In terms of data quality, ARWU has no areas of fundamental weakness. Its strong points are materiality, objectivity and reliance on external data. These factors have generated a high level of trust in the ARWU (it also has first mover advantage as the first credible research ranking). ARWU is closely grounded in real world high science research output and impact: leading researchers, primary science publications, citations; though there are no indicators for graduate students or PhDs, and works in the humanities and part of the social sciences and professional disciplines are excluded because they are not globally comparable. The only doubt about its materiality is the weakness of the connection between education of a Nobel winner in the past, and present scientific capacity.5 All the ARWU data are objective: all can be observed and counted. Only the number of equivalent full-time faculty is open to manipulation by the ranked universities. However, the ARWU is not comprehensive of all university functions and resources. For example, it excludes teaching, social mission, resources and internationalisation.

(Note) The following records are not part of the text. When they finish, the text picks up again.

lemma log_card_le_S:
  assumes "B \<subseteq> S" "B \<noteq> {}"
  shows "log 2 (real (card B)) \<le> log 2 (real (card S))"
proof -
  have "finite B" using assms(1) finite_S rev_finite_subset by blast
  then have "0 < card B" using assms(2) by (simp add: card_gt_0_iff)
  moreover have "card B \<le> card S" using assms(1) finite_S by (rule card_mono[rotated])
  ultimately show ?thesis by simp
qed

lemma ratio_le_log_card:
  assumes "0 \<le> \<kappa>" "0 < vol V m V"
  shows "r \<le> c * log 2 (real (card V))"
proof -
  have "r * real (vol V m V) \<le> potential V m \<kappa> c V"
    using potential_ge[of V] S_nonempty S_subset by blast
  also have "\<dots> \<le> c * log 2 (real (card V)) * real (vol V m V)"
    unfolding potential_def cut_def using assms(1) by (simp add: mult_ac)
  finally show ?thesis using assms(2) by simp
qed

lemma cross_edges_ge:
  assumes AB: "A \<inter> B = {}" "A \<union> B = S" "A \<noteq> {}" "B \<noteq> {}" and "card A \<le> card B"
  shows "\<kappa> + c * real (vol V m A) \<le> 2 * real (edges_between m A B)"
proof -
  have fin: "finite A" "finite B" using finite_S AB(2) by auto
  have "cut V m A + cut V m B = cut V m S + 2 * edges_between m A B"
    using cut_Un[OF multigraph AB(1)] AB(2) S_subset by simp
  then have cut: "real (cut V m A) + real (cut V m B) = real (cut V m S) + 2 * real (edges_between m A B)"
    using of_nat_add of_nat_mult by (metis of_nat_numeral)
  have vol: "real (vol V m S) = real (vol V m A) + real (vol V m B)"
    using vol_Un[OF fin AB(1), of V m] AB(2) by simp
  define lA lB lS where "lA = log 2 (real (card A))" and "lB = log 2 (real (card B))"
    and "lS = log 2 (real (card S))"
  have "1 \<le> card A" using fin(1) AB(3) by (simp add: Suc_le_eq card_gt_0_iff)
  moreover have "card S = card A + card B" using fin AB(1,2) card_Un_disjoint by metis
  ultimately have "log 2 (2 * real (card A)) \<le> lS"
    unfolding lS_def using \<open>card A \<le> card B\<close> by simp
  then have lA: "lA \<le> lS - 1"
    unfolding lA_def using \<open>1 \<le> card A\<close> by (simp add: log_mult)
  have lB: "lB \<le> lS"
    unfolding lB_def lS_def using AB by (intro log_card_le_S) auto
  have "A \<subseteq> V" "B \<subseteq> V" using AB(2) S_subset by auto
  then have "potential V m \<kappa> c S \<le> potential V m \<kappa> c A + potential V m \<kappa> c B"
    using potential_S potential_ge[of A] potential_ge[of B] AB(3,4) vol
    by (simp add: distrib_left)
  then have "real (cut V m S) + c * real (vol V m S) * lS
      \<le> real (cut V m A) + real (cut V m B) - \<kappa> + c * real (vol V m A) * lA + c * real (vol V m B) * lB"
    unfolding potential_def lA_def lB_def lS_def by simp
  moreover have "c * real (vol V m A) * lA \<le> c * real (vol V m A) * (lS - 1)"
    and "c * real (vol V m B) * lB \<le> c * real (vol V m B) * lS"
    using lA lB c_nonneg by (simp_all add: mult_left_mono)
  moreover have "c * real (vol V m S) * lS
      = c * real (vol V m A) * (lS - 1) + c * real (vol V m B) * lS + c * real (vol V m A)"
    using vol by (simp add: algebra_simps)
  ultimately show ?thesis using cut by linarith
qed

lemma cut_induced_ge:
  assumes "T \<noteq> {}" "T \<subset> S"
  shows "\<kappa> + c * min (real (vol V m T)) (real (vol V m (S - T))) \<le> 2 * real (cut S (induced m S) T)"
proof -
  have cut: "cut S (induced m S) T = edges_between m T (S - T)"
    using assms(2) by (simp add: cut_induced)
  have "S - T \<noteq> {}" "T \<inter> (S - T) = {}" "T \<union> (S - T) = S" using assms by auto
  show ?thesis
  proof (cases "card T \<le> card (S - T)")
    case True
    then have "\<kappa> + c * real (vol V m T) \<le> 2 * real (edges_between m T (S - T))"
      using assms \<open>S - T \<noteq> {}\<close> by (intro cross_edges_ge) auto
    moreover have "c * min (real (vol V m T)) (real (vol V m (S - T))) \<le> c * real (vol V m T)"
      using c_nonneg by (simp add: mult_left_mono)
    ultimately show ?thesis unfolding cut by linarith
  next
    case False
    then have "\<kappa> + c * real (vol V m (S - T)) \<le> 2 * real (edges_between m (S - T) T)"
      using assms \<open>S - T \<noteq> {}\<close> by (intro cross_edges_ge) auto
    moreover have "c * min (real (vol V m T)) (real (vol V m (S - T))) \<le> c * real (vol V m (S - T))"
      using c_nonneg by (simp add: mult_left_mono)
    ultimately show ?thesis
      unfolding cut using edges_between_commute[OF multigraph, of "S - T" T] by linarith
  qed
qed

lemma edge_connected_induced:
  assumes "0 \<le> \<kappa>"
  shows "edge_connected S (induced m S) (\<kappa> / 2)"
  unfolding edge_connected_def
proof (intro allI impI)
  fix T assume "T \<noteq> {} \<and> T \<subset> S"
  moreover have "0 \<le> c * min (real (vol V m T)) (real (vol V m (S - T)))"
    using c_nonneg by simp
  ultimately show "\<kappa> / 2 \<le> real (cut S (induced m S) T)"
    using cut_induced_ge[of T] by linarith
qed

lemma conductance_induced_ge:
  assumes "0 < \<kappa>" "2 \<le> card S"
  shows "c / 2 \<le> conductance S (induced m S)"
proof (rule conductance_geI[OF multigraph_induced[OF multigraph S_subset] assms(2)])
  fix T assume T: "T \<noteq> {}" "T \<subset> S"
  let ?minV = "min (real (vol V m T)) (real (vol V m (S - T)))"
  let ?minS = "min (real (vol S (induced m S) T)) (real (vol S (induced m S) (S - T)))"
  have fin: "finite V" using multigraph by (simp add: multigraph_def)
  have "0 \<le> c * ?minV" using c_nonneg by simp
  then show "0 < cut S (induced m S) T"
    using cut_induced_ge[OF T] assms(1) by linarith
  have "?minS \<le> ?minV"
    using T vol_induced_le[of T S V m] vol_induced_le[of "S - T" S V m] S_subset fin by auto
  then have "c / 2 * ?minS \<le> c / 2 * ?minV"
    using c_nonneg by (simp add: mult_left_mono)
  then show "c / 2 * ?minS \<le> real (cut S (induced m S) T)"
    using cut_induced_ge[OF T] assms(1) by linarith
qed

lemma deg_induced_ge:
  assumes "v \<in> S" "S \<noteq> {v}"
  shows "(1 - r) * real (deg V m v) \<le> 2 * real (deg S (induced m S) v)"
proof -
  define B where "B = S - {v}"
  have B: "B \<noteq> {}" "B \<subseteq> V" "finite B" "{v} \<inter> B = {}" "{v} \<union> B = S"
    using assms S_subset finite_S unfolding B_def by auto
  have vV: "v \<in> V" using assms(1) S_subset by blast
  have "deg V m v + cut V m B = cut V m S + 2 * edges_between m {v} B"
    using cut_Un[OF multigraph B(4)] B(2,5) vV cut_singleton[OF multigraph vV] by simp
  then have cut: "real (deg V m v) + real (cut V m B) = real (cut V m S) + 2 * real (edges_between m {v} B)"
    using of_nat_add of_nat_mult by (metis of_nat_numeral)
  have "edges_between m {v} B = deg S (induced m S) v"
  proof -
    have "deg S (induced m S) v = m v v + (\<Sum>u\<in>B. m v u)"
      unfolding deg_induced[OF assms(1)] B_def using finite_S assms(1) by (simp add: sum.remove)
    then show ?thesis
      using multigraph unfolding edges_between_def multigraph_def by simp
  qed
  moreover have vol: "real (vol V m S) = real (deg V m v) + real (vol V m B)"
    using vol_Un[OF _ B(3,4), of V m] B(5) by (simp add: vol_def)
  moreover have "r * real (vol V m B) \<le> potential V m \<kappa> c B"
    using potential_ge B by simp
  moreover have "real (vol V m B) * log 2 (real (card B)) \<le> real (vol V m S) * log 2 (real (card S))"
  proof (rule mult_mono)
    show "log 2 (real (card B)) \<le> log 2 (real (card S))"
      using B by (intro log_card_le_S) auto
    show "0 \<le> log 2 (real (card B))"
      using B(1,3) by (simp add: Suc_le_eq card_gt_0_iff)
  qed (use vol in auto)
  then have "c * (real (vol V m B) * log 2 (real (card B))) \<le> c * (real (vol V m S) * log 2 (real (card S)))"
    using c_nonneg by (rule mult_left_mono)
  ultimately show ?thesis
    using cut potential_S unfolding potential_def by (simp add: algebra_simps)
qed

lemma dense_in_induced:
  assumes "2 \<le> card S" "l \<le> (1 - r) / 2"
  shows "dense_in V m S l"
  unfolding dense_in_def
proof
  fix v assume v: "v \<in> S"
  have "S \<noteq> {v}" using assms(1) by auto
  with v have "(1 - r) * real (deg V m v) \<le> 2 * real (deg S (induced m S) v)"
    by (rule deg_induced_ge)
  then have "(1 - r) / 2 * real (deg V m v) \<le> real (deg S (induced m S) v)"
    by simp
  moreover have "l * real (deg V m v) \<le> (1 - r) / 2 * real (deg V m v)"
    using assms(2) by (intro mult_right_mono) auto
  ultimately show "l * real (deg V m v) \<le> real (deg S (induced m S) v)" by linarith
qed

The incentive structure of the ARWU is transparent to research managers. It focuses the attention of universities and national systems on basic research; and encourages a strong relationship between ranking, performance objectives, and specific research management strategies like hiring Nobel Prize winners and high citation researchers, rewards for faculty publishing in Nature and Science, and growth of science papers. It elevates research-related objectives relative to teaching-related objectives, though other forces also push research universities in this direction. However, few universities have the conditions and resources to achieve high ARWU rank. The Nobel indicators (30% of the index) are an additional barrier. Past Nobels are mostly confined to USA, Europe, Russia and Japan, constraining possible upward mobility. Top Asian research universities such as the National University of Singapore and Seoul National University in Korea tend to do less well in the ARWU than in other credible research rankings.

Leiden University

The Leiden (2013) ranking is issued by the Leiden University Centre for Science and Technology Studies (CWTS). It is not a composite multi-indicator. Leiden supplies separated rankings of universities, each based on single indicators, including the volume of science papers, volume of citations of those papers, citations per paper, the number of papers in the top 10%of their field by citation rates, and the proportion of the university's papers in the last category. The citation data are provided in both raw form and on a field-normalised basis, whereby the Leiden group adjusts the raw data to account for different rates of publication and citation in the various research fields.

The strengths of both the Leiden and Scimago (below) rankings are materiality, objectivity, and externality. Leiden's data are from Thomson-ISI Web of Knowledge. There is no combined index and no arbitrary weightings. Focusing directly on publication and citation numbers and comparative citation quality, and uncontaminated by multi-indicator weights and subjective surveys, Leiden and Scimago bring data users close to research realities. Leiden offers more than Scimago on citation quality. Both use single indicators so they evade problems of ordinal proportionality. The use of single indicators lifts Leiden and Scimago to a higher level of quality as social science, compared to multi-indicator rankings. These rankings step back and shape the outcome as little as possible. This frees the data user to interpret the data contextually and normatively as desired.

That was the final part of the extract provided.